• INFORMATION SUPPLIED:
= Beginning of Section =

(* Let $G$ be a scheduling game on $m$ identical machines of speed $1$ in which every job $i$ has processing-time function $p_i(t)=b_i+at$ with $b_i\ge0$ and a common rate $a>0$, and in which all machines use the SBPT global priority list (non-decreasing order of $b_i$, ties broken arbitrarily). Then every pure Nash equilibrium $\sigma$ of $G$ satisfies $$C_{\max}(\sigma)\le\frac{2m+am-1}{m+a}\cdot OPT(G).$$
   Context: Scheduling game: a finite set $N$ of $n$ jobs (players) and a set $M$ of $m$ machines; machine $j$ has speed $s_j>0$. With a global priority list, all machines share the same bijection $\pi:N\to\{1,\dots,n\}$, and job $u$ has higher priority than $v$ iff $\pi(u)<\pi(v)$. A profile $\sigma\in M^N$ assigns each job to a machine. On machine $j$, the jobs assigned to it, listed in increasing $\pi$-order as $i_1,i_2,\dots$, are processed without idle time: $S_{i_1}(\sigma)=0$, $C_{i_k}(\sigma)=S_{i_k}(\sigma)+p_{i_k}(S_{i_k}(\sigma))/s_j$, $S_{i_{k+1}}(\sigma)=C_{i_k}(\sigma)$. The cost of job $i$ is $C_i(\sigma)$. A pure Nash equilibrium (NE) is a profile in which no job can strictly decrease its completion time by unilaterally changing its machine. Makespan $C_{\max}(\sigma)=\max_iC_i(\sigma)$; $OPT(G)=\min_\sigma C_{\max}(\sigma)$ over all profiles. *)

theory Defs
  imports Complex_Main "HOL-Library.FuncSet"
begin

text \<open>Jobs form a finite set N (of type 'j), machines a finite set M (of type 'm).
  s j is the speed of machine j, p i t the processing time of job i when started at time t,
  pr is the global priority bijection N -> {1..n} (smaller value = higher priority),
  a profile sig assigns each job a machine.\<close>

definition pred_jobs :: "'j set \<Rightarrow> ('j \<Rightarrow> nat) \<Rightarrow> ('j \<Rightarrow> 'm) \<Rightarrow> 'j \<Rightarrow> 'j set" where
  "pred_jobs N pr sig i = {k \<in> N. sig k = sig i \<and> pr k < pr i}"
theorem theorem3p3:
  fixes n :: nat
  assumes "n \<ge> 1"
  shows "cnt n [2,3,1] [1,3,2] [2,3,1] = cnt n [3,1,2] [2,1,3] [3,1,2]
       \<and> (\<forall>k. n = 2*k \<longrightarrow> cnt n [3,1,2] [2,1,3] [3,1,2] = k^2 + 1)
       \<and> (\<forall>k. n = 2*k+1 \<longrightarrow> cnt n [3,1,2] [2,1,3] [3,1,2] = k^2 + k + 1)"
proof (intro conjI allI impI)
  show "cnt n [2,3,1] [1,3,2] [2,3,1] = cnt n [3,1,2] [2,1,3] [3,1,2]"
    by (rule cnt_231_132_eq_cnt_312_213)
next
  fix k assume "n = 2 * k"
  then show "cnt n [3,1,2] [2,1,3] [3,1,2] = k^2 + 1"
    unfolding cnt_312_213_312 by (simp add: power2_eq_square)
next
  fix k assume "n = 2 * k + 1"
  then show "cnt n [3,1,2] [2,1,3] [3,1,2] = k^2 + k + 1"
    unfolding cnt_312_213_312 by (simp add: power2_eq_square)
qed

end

= End of Section =

Set down only the lines above that fall between the line holding "theory Defs" and the line holding "a profile sig", inclusive, keeping each exact.

• SOLVED PROBLEM:
theory Defs
  imports Complex_Main "HOL-Library.FuncSet"
begin

text \<open>Jobs form a finite set N (of type 'j), machines a finite set M (of type 'm).
  s j is the speed of machine j, p i t the processing time of job i when started at time t,
  pr is the global priority bijection N -> {1..n} (smaller value = higher priority),
  a profile sig assigns each job a machine.\<close>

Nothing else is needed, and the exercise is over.